(* Let $L<U$ be reals and $n\ge1$. For the variance function $f:[L,U]^n\to\mathbb{R}$, $f(x_1,\dots,x_n)=\frac1n\sum_{i=1}^n(x_i-\bar x)^2$ with $\bar x=\frac1n\sum_{i=1}^n x_i$, and any $\beta>0$, the $\beta$-smooth sensitivity $S^*_{f,\beta}(V)$ of $f$ at a given dataset $V=(x_1,\dots,x_n)\in[L,U]^n$ can be computed in $\mathcal{O}(n^2)$ time.
   Context: A dataset is a list $V=(x_1,\dots,x_n)$ of $n$ real numbers in $[L,U]$. For datasets $x,y\in[L,U]^n$, $d(x,y)$ is the number of positions in which they differ; $x,y$ are neighbors if $d(x,y)=1$. The local sensitivity of $f$ at $x$ is $LS_f(x)=\max_{y:\,d(x,y)=1}|f(x)-f(y)|$. For $\beta>0$, the $\beta$-smooth sensitivity of $f$ at $x$ is $S^*_{f,\beta}(x)=\max_{y\in[L,U]^n} LS_f(y)\,e^{-\beta d(x,y)}$. *)

theory Defs
  imports Complex_Main
begin

definition datasets :: "nat \<Rightarrow> real \<Rightarrow> real \<Rightarrow> real list set" where
  "datasets n L U = {x. length x = n \<and> (\<forall>i<n. L \<le> x ! i \<and> x ! i \<le> U)}"

definition hdist :: "real list \<Rightarrow> real list \<Rightarrow> nat" where
  "hdist x y = card {i. i < length x \<and> x ! i \<noteq> y ! i}"

definition mean :: "real list \<Rightarrow> real" where
  "mean x = (\<Sum>i<length x. x ! i) / real (length x)"

definition variance :: "real list \<Rightarrow> real" where
  "variance x = (\<Sum>i<length x. (x ! i - mean x)\<^sup>2) / real (length x)"

definition local_sens :: "(real list \<Rightarrow> real) \<Rightarrow> nat \<Rightarrow> real \<Rightarrow> real \<Rightarrow> real list \<Rightarrow> real" where
  "local_sens f n L U x = (SUP y \<in> {y \<in> datasets n L U. hdist x y = 1}. \<bar>f x - f y\<bar>)"

definition smooth_sens :: "(real list \<Rightarrow> real) \<Rightarrow> real \<Rightarrow> nat \<Rightarrow> real \<Rightarrow> real \<Rightarrow> real list \<Rightarrow> real" where
  "smooth_sens f \<beta> n L U x =
     (SUP y \<in> datasets n L U. local_sens f n L U y * exp (- \<beta> * real (hdist x y)))"

text \<open>State: natural-number registers (used for counters / addresses) and a
  real-valued memory (indirectly addressable via natural-number expressions).\<close>
type_synonym state = "(nat \<Rightarrow> nat) \<times> (nat \<Rightarrow> real)"

datatype aexp = NConst nat | NReg nat | NAdd aexp aexp | NSub aexp aexp | NMul aexp aexp

datatype rexp = RConst int | RLoad aexp | RofNat aexp
  | RAdd rexp rexp | RSub rexp rexp | RMul rexp rexp | RDiv rexp rexp
  | RExp rexp | RSqrt rexp

datatype bexp = BRLess rexp rexp | BNLess aexp aexp | BNot bexp | BAnd bexp bexp

datatype com = SKIP | NAssign nat aexp | RStore aexp rexp | Seq com com
  | If bexp com com | While bexp com

fun aval :: "aexp \<Rightarrow> (nat \<Rightarrow> nat) \<Rightarrow> nat" where
  "aval (NConst k) I = k"
| "aval (NReg i) I = I i"
| "aval (NAdd a b) I = aval a I + aval b I"
| "aval (NSub a b) I = aval a I - aval b I"
| "aval (NMul a b) I = aval a I * aval b I"

fun rval :: "rexp \<Rightarrow> state \<Rightarrow> real" where
  "rval (RConst k) s = of_int k"
| "rval (RLoad a) s = snd s (aval a (fst s))"
| "rval (RofNat a) s = real (aval a (fst s))"
| "rval (RAdd e1 e2) s = rval e1 s + rval e2 s"
| "rval (RSub e1 e2) s = rval e1 s - rval e2 s"
| "rval (RMul e1 e2) s = rval e1 s * rval e2 s"
| "rval (RDiv e1 e2) s = rval e1 s / rval e2 s"
| "rval (RExp e) s = exp (rval e s)"
| "rval (RSqrt e) s = sqrt (rval e s)"

fun bval :: "bexp \<Rightarrow> state \<Rightarrow> bool" where
  "bval (BRLess e1 e2) s = (rval e1 s < rval e2 s)"
| "bval (BNLess a b) s = (aval a (fst s) < aval b (fst s))"
| "bval (BNot b) s = (\<not> bval b s)"
| "bval (BAnd b1 b2) s = (bval b1 s \<and> bval b2 s)"

text \<open>Big-step semantics; \<open>big c s t s'\<close>: c started in s terminates in s' after t steps.\<close>
inductive big :: "com \<Rightarrow> state \<Rightarrow> nat \<Rightarrow> state \<Rightarrow> bool" where
  Skip: "big SKIP s 1 s"
| NAssign: "big (NAssign i a) (I, R) 1 (I(i := aval a I), R)"
| RStore: "big (RStore a e) (I, R) 1 (I, R(aval a I := rval e (I, R)))"
| Seq: "big c1 s t1 s' \<Longrightarrow> big c2 s' t2 s'' \<Longrightarrow> big (Seq c1 c2) s (t1 + t2) s''"
| IfT: "bval b s \<Longrightarrow> big c1 s t s' \<Longrightarrow> big (If b c1 c2) s (t + 1) s'"
| IfF: "\<not> bval b s \<Longrightarrow> big c2 s t s' \<Longrightarrow> big (If b c1 c2) s (t + 1) s'"
| WhileF: "\<not> bval b s \<Longrightarrow> big (While b c) s 1 s"
| WhileT: "bval b s \<Longrightarrow> big c s t1 s' \<Longrightarrow> big (While b c) s' t2 s'' \<Longrightarrow>
           big (While b c) s (t1 + t2 + 1) s''"

text \<open>Input encoding: nat register 0 holds n; real memory holds L, U, \<beta> at
  addresses 0, 1, 2 and the dataset entry x!i at address 3+i; everything else 0.
  The output is read from real memory address 0.\<close>
definition init_state :: "nat \<Rightarrow> real \<Rightarrow> real \<Rightarrow> real \<Rightarrow> real list \<Rightarrow> state" where
  "init_state n L U \<beta> x =
     ((\<lambda>i. if i = 0 then n else 0),
      (\<lambda>a. if a = 0 then L else if a = 1 then U else if a = 2 then \<beta>
            else if 3 \<le> a \<and> a - 3 < length x then x ! (a - 3) else 0))"

end

theory Submission
  imports Defs
begin

text \<open>Replacing the entry \<open>y ! j\<close> by \<open>b\<close> changes the variance by
  \<open>(n - 1) / n\<^sup>2 * ((b - m)\<^sup>2 - (y ! j - m)\<^sup>2)\<close>, where \<open>m\<close> is the mean of the other entries.
  Hence the local sensitivity at \<open>y\<close> is \<open>(n - 1) / n\<^sup>2\<close> times the largest, over \<open>j\<close>, of the
  maximal such jump over \<open>b \<in> [L, U]\<close>.
  For a dataset \<open>y\<close> at distance \<open>d\<close> from \<open>x\<close>, either \<open>y ! j = x ! j\<close> and the other entries
  differ in \<open>d\<close> places, or \<open>y ! j\<close> differs as well and only \<open>d - 1\<close> other entries do; in both
  cases \<open>m\<close> ranges over an interval whose endpoints are reached by moving the largest
  \<open>x ! i - L\<close> down to \<open>L\<close> or the largest \<open>U - x ! i\<close> up to \<open>U\<close>. The maximal jump is a maximum
  of functions of \<open>m\<close> that are affine or convex, so it is largest at an endpoint. The smooth
  sensitivity is therefore the maximum of \<open>O(n\<^sup>2)\<close> explicit candidates indexed by \<open>d\<close> and \<open>j\<close>.
  After ranking the data by counting (\<open>O(n\<^sup>2)\<close> steps), the sums of the \<open>d\<close> largest values take
  \<open>O(n)\<close> steps for each \<open>d\<close>, so a unit-cost real RAM computes the maximum in \<open>O(n\<^sup>2)\<close> steps.\<close>

section \<open>Sums of the largest weights\<close>

definition ranks_before :: "(nat \<Rightarrow> real) \<Rightarrow> nat \<Rightarrow> nat \<Rightarrow> bool" where
  "ranks_before w l i \<longleftrightarrow> w i < w l \<or> (w l = w i \<and> l < i)"

text \<open>The position of \<open>i\<close> when the indices below \<open>n\<close> are sorted by decreasing weight,
  ties broken by index.\<close>
definition wrank :: "nat \<Rightarrow> (nat \<Rightarrow> real) \<Rightarrow> nat \<Rightarrow> nat" where
  "wrank n w i = card {l. l < n \<and> ranks_before w l i}"

definition top_sum :: "nat \<Rightarrow> (nat \<Rightarrow> real) \<Rightarrow> nat \<Rightarrow> real" where
  "top_sum n w r = (\<Sum>i<n. if wrank n w i < r then w i else 0)"

text \<open>The largest sum of \<open>k\<close> weights with indices below \<open>n\<close> other than \<open>j\<close>.\<close>
definition top_sum_except :: "nat \<Rightarrow> (nat \<Rightarrow> real) \<Rightarrow> nat \<Rightarrow> nat \<Rightarrow> real" where
  "top_sum_except n w k j =
     (if wrank n w j < k then top_sum n w (Suc k) - w j else top_sum n w k)"

lemma ranks_before_trans: "ranks_before w a b \<Longrightarrow> ranks_before w b c \<Longrightarrow> ranks_before w a c"
  unfolding ranks_before_def by auto

lemma ranks_before_irrefl: "\<not> ranks_before w a a"
  unfolding ranks_before_def by auto

lemma ranks_before_total: "a \<noteq> b \<Longrightarrow> ranks_before w a b \<or> ranks_before w b a"
  unfolding ranks_before_def by auto

lemma wrank_strict_mono:
  assumes "ranks_before w l i" "l < n"
  shows "wrank n w l < wrank n w i"
proof -
  have "{l'. l' < n \<and> ranks_before w l' l} \<subset> {l'. l' < n \<and> ranks_before w l' i}"
    using assms ranks_before_trans ranks_before_irrefl by blast
  then show ?thesis unfolding wrank_def by (intro psubset_card_mono) auto
qed

lemma wrank_less:
  assumes "i < n" shows "wrank n w i < n"
proof -
  have "{l. l < n \<and> ranks_before w l i} \<subseteq> {..<n} - {i}" using ranks_before_irrefl by auto
  then have "wrank n w i \<le> card ({..<n} - {i})" unfolding wrank_def by (intro card_mono) auto
  then show ?thesis using assms by simp
qed

lemma inj_on_wrank: "inj_on (wrank n w) {..<n}"
proof (rule inj_onI)
  fix a b assume "a \<in> {..<n}" "b \<in> {..<n}" "wrank n w a = wrank n w b"
  then show "a = b"
    using ranks_before_total wrank_strict_mono[of w a b n] wrank_strict_mono[of w b a n]
    by fastforce
qed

########

Find the line with "real) \<Rightarrow> real" in the material above. Reproduce it and each line after it up to and including the line with "real-valued memory (indirectly".

definition smooth_sens :: "(real list \<Rightarrow> real) \<Rightarrow> real \<Rightarrow> nat \<Rightarrow> real \<Rightarrow> real \<Rightarrow> real list \<Rightarrow> real" where
  "smooth_sens f \<beta> n L U x =
     (SUP y \<in> datasets n L U. local_sens f n L U y * exp (- \<beta> * real (hdist x y)))"

text \<open>State: natural-number registers (used for counters / addresses) and a
  real-valued memory (indirectly addressable via natural-number expressions).\<close>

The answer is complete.